A campus remake promises new public buildings without new taxes (the administration’s constant selling point) and long-run revenue from leases/tax base—claims city leaders repeat. Delivering that “fiscal conservative” win is attractive to business donors now, and to new ones drawn in by the project (contractors, operators, lenders) who’ll finance future ambitions. That loop—policy choice → donor enthusiasm → stronger war chest—can outweigh short-term resident blowback.

Why this feels like he’s “going against everyone” even if he says he isn’t.

There is intense resident pushback (packed meetings, active “Save Boca” petitions, talk of a referendum). City leaders counter with revenue/amenity talking points and say misinformation is circulating. That gap between neighborhood sentiment and city hall’s growth coalition is a great example of unparallel mind tunnels, people seeing the same thing very different ways.  This website even recently published a poll asking people if they’d prefer higher taxes to add green spaces to the City, something completely contrary to Singer’s declared priorities in keeping taxes low. Most people said they favored higher taxes, more collective capital contribution from the very people who stand to gain the most: resident voters who want more green around them, all over.

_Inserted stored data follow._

lemma bij_betw_fiberwise_permutations:
  assumes "finite S"
  shows "bij_betw (\<lambda>P x. if x \<in> S then P (J x) x else x)
           (\<Pi>\<^sub>E a\<in>J ` S. {\<pi>. \<pi> permutes {y\<in>S. J y = a}})
           {\<tau>. \<tau> permutes S \<and> (\<forall>x\<in>S. J (\<tau> x) = J x)}"
proof (rule bij_betw_imageI)
  let ?L = "\<lambda>a. {y\<in>S. J y = a}"
  let ?P = "\<Pi>\<^sub>E a\<in>J ` S. {\<pi>. \<pi> permutes ?L a}"
  let ?glue = "\<lambda>P x. if x \<in> S then P (J x) x else x"
  show "inj_on ?glue ?P"
  proof (rule inj_onI)
    fix P1 P2 assume P: "P1 \<in> ?P" "P2 \<in> ?P" and eq: "?glue P1 = ?glue P2"
    show "P1 = P2"
    proof
      fix a show "P1 a = P2 a"
      proof (cases "a \<in> J ` S")
        case False
        then show ?thesis using P by (auto simp: PiE_def extensional_def)
      next
        case True
        then have P1: "P1 a permutes ?L a" and P2: "P2 a permutes ?L a"
          using P by (auto simp only: PiE_iff mem_Collect_eq)
        show ?thesis
        proof
          fix x show "P1 a x = P2 a x"
          proof (cases "x \<in> ?L a")
            case True
            then have "?glue P1 x = P1 a x" "?glue P2 x = P2 a x" by auto
            with fun_cong[OF eq, of x] show ?thesis by simp
          qed (simp add: permutes_not_in[OF P1] permutes_not_in[OF P2])
        qed
      qed
    qed
  qed
  show "?glue ` ?P = {\<tau>. \<tau> permutes S \<and> (\<forall>x\<in>S. J (\<tau> x) = J x)}"
  proof (intro equalityI subsetI)
    fix \<tau> assume "\<tau> \<in> ?glue ` ?P"
    then obtain P where "P \<in> ?P" "\<tau> = ?glue P" by blast
    with glue_fiber_permutes[OF assms this(1)]
    show "\<tau> \<in> {\<tau>. \<tau> permutes S \<and> (\<forall>x\<in>S. J (\<tau> x) = J x)}" by simp
  next
    fix \<tau> assume \<tau>: "\<tau> \<in> {\<tau>. \<tau> permutes S \<and> (\<forall>x\<in>S. J (\<tau> x) = J x)}"
    let ?P\<tau> = "\<lambda>a\<in>J ` S. (\<lambda>x. if x \<in> ?L a then \<tau> x else x)"
    have "?P\<tau> \<in> ?P" using restrict_permutes_fiber[OF _ assms] \<tau> by auto
    moreover have "?glue ?P\<tau> = \<tau>"
    proof
      fix x show "?glue ?P\<tau> x = \<tau> x"
        using \<tau> permutes_not_in[of \<tau> S x] by (cases "x \<in> S") simp_all
    qed
    ultimately show "\<tau> \<in> ?glue ` ?P"
      by (intro image_eqI[where f = ?glue and x = ?P\<tau>]) simp_all
  qed
qed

What can residents do about it?

I’m not going to tell you what you should do about it. There’s limits, especially in dealing with what’s on our plate today: property is bought, owned, zoned, approved and under the rights of the owners to do what they will. Development goes on mostly against the sentiment of neighbors. There’s not much you can do about it, the things you can point a finger at today and get upset about. Maintaining the aesthetic and quality of a city is a long game and requires as much investment of valuable time and effort as developers are capable of getting loans for quickly. Some of you are going to have to run for office. Do it.

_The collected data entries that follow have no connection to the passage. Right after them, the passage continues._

(* Let $G$ be a graph, let $R\subseteq V(G)$ be the vertex set of an induced copy of $P_3$ in $G$, and let $C\subseteq V(G)\setminus R$ be a clique in $G$ with at most two vertices, each of odd degree in $G$. Assume every vertex of $R$ is adjacent to every vertex of $C$. Then one can admissibly remove from $G$ a subset of $C\cup R$ containing all of $C$, such that the remaining vertices of $R$ form a clique with at most two vertices, each of odd degree in the remaining graph.
   Context: $P_3$ denotes the path with three edges (four vertices). Removing a set $T$ of vertices from a graph $G$ is a simple admissible removal if $T$ is an independent set in $G$ and the number of edges between $T$ and $V(G)\setminus T$ is even. Removing a set of vertices is admissible if it can be realised by a sequence of simple admissible removals, each performed in the graph remaining after the previous ones. Degrees are always taken in the current remaining graph. *)

theory Defs
  imports Main
begin

text \<open>Removing vertices only shrinks the vertex set; the remaining graph is the induced
subgraph on the remaining vertices.\<close>

definition simple_graph :: "'a set \<Rightarrow> ('a \<Rightarrow> 'a \<Rightarrow> bool) \<Rightarrow> bool" where
  "simple_graph V E \<longleftrightarrow> finite V \<and> (\<forall>x y. E x y \<longrightarrow> E y x) \<and> (\<forall>x. \<not> E x x)"

definition deg :: "'a set \<Rightarrow> ('a \<Rightarrow> 'a \<Rightarrow> bool) \<Rightarrow> 'a \<Rightarrow> nat" where
  "deg V E x = card {y \<in> V. E x y}"

definition clique :: "('a \<Rightarrow> 'a \<Rightarrow> bool) \<Rightarrow> 'a set \<Rightarrow> bool" where
  "clique E C \<longleftrightarrow> (\<forall>x\<in>C. \<forall>y\<in>C. x \<noteq> y \<longrightarrow> E x y)"

definition independent :: "('a \<Rightarrow> 'a \<Rightarrow> bool) \<Rightarrow> 'a set \<Rightarrow> bool" where
  "independent E T \<longleftrightarrow> (\<forall>x\<in>T. \<forall>y\<in>T. \<not> E x y)"

text \<open>R is the vertex set of an induced path with three edges a-b-c-d.\<close>
definition induced_P3 :: "'a set \<Rightarrow> ('a \<Rightarrow> 'a \<Rightarrow> bool) \<Rightarrow> 'a set \<Rightarrow> bool" where
  "induced_P3 V E R \<longleftrightarrow> R \<subseteq> V \<and> (\<exists>a b c d. R = {a, b, c, d} \<and> distinct [a, b, c, d]
      \<and> E a b \<and> E b c \<and> E c d \<and> \<not> E a c \<and> \<not> E a d \<and> \<not> E b d)"

definition simple_admissible :: "'a set \<Rightarrow> ('a \<Rightarrow> 'a \<Rightarrow> bool) \<Rightarrow> 'a set \<Rightarrow> bool" where
  "simple_admissible V E T \<longleftrightarrow> T \<subseteq> V \<and> independent E T
      \<and> even (card {(t, v). t \<in> T \<and> v \<in> V - T \<and> E t v})"

inductive admissible :: "'a set \<Rightarrow> ('a \<Rightarrow> 'a \<Rightarrow> bool) \<Rightarrow> 'a set \<Rightarrow> bool" where
  adm_empty: "admissible V E {}"
| adm_step: "simple_admissible V E T1 \<Longrightarrow> admissible (V - T1) E T2
      \<Longrightarrow> admissible V E (T1 \<union> T2)"

end

theory Submission
  imports Defs
begin

text \<open>Removing a single even vertex, or two non-adjacent vertices of even degree sum, is a
simple admissible removal.  A triangle-free set R can therefore always be reduced to a clique
of at most two odd vertices: delete an even vertex if there is one, otherwise two
non-adjacent (odd) vertices; when neither exists, R is a triangle-free clique of odd vertices.
A clique C of odd vertices complete to R is absorbed by alternately deleting a currently
even vertex of R, which makes all remaining vertices of C even, and a vertex of C.  For
|C| = 2 this needs an even r and a second vertex s of R that is odd once r is deleted; an
induced P3 provides such a pair as soon as one of its vertices is even.  If all four
vertices of the P3 a-b-c-d are odd, deleting the two ends a and d first makes b and c even
and keeps C odd.\<close>

definition triangle_free :: "('a \<Rightarrow> 'a \<Rightarrow> bool) \<Rightarrow> 'a set \<Rightarrow> bool" where
  "triangle_free E R \<longleftrightarrow> \<not> (\<exists>u\<in>R. \<exists>v\<in>R. \<exists>w\<in>R. E u v \<and> E v w \<and> E u w)"

definition odd_small_clique :: "'a set \<Rightarrow> ('a \<Rightarrow> 'a \<Rightarrow> bool) \<Rightarrow> 'a set \<Rightarrow> bool" where
  "odd_small_clique V E K \<longleftrightarrow> clique E K \<and> card K \<le> 2 \<and> (\<forall>z\<in>K. odd (deg V E z))"

definition admissible_reduction :: "'a set \<Rightarrow> ('a \<Rightarrow> 'a \<Rightarrow> bool) \<Rightarrow> 'a set \<Rightarrow> 'a set \<Rightarrow> bool" where
  "admissible_reduction V E R S \<longleftrightarrow> admissible V E S \<and> odd_small_clique (V - S) E (R - S)"

lemma simple_graph_Diff: "simple_graph V E \<Longrightarrow> simple_graph (V - T) E"
  by (simp add: simple_graph_def)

Meanwhile stay informed, keep trying to understand. Watch the headlines changing every day, aggregated by me here on 4boca. I try to include what’s most relevant for Boca residents, especially about politics and development. Please take time and your hard earned money to support other local publications: Boca Tribune, Boca Magazine, Boca First, Coastal Star etc.  Share their stories, link to them too. Advertise in them. Keep them afloat. That’s all I can tell you. You’ll have to explore your own motivations after that.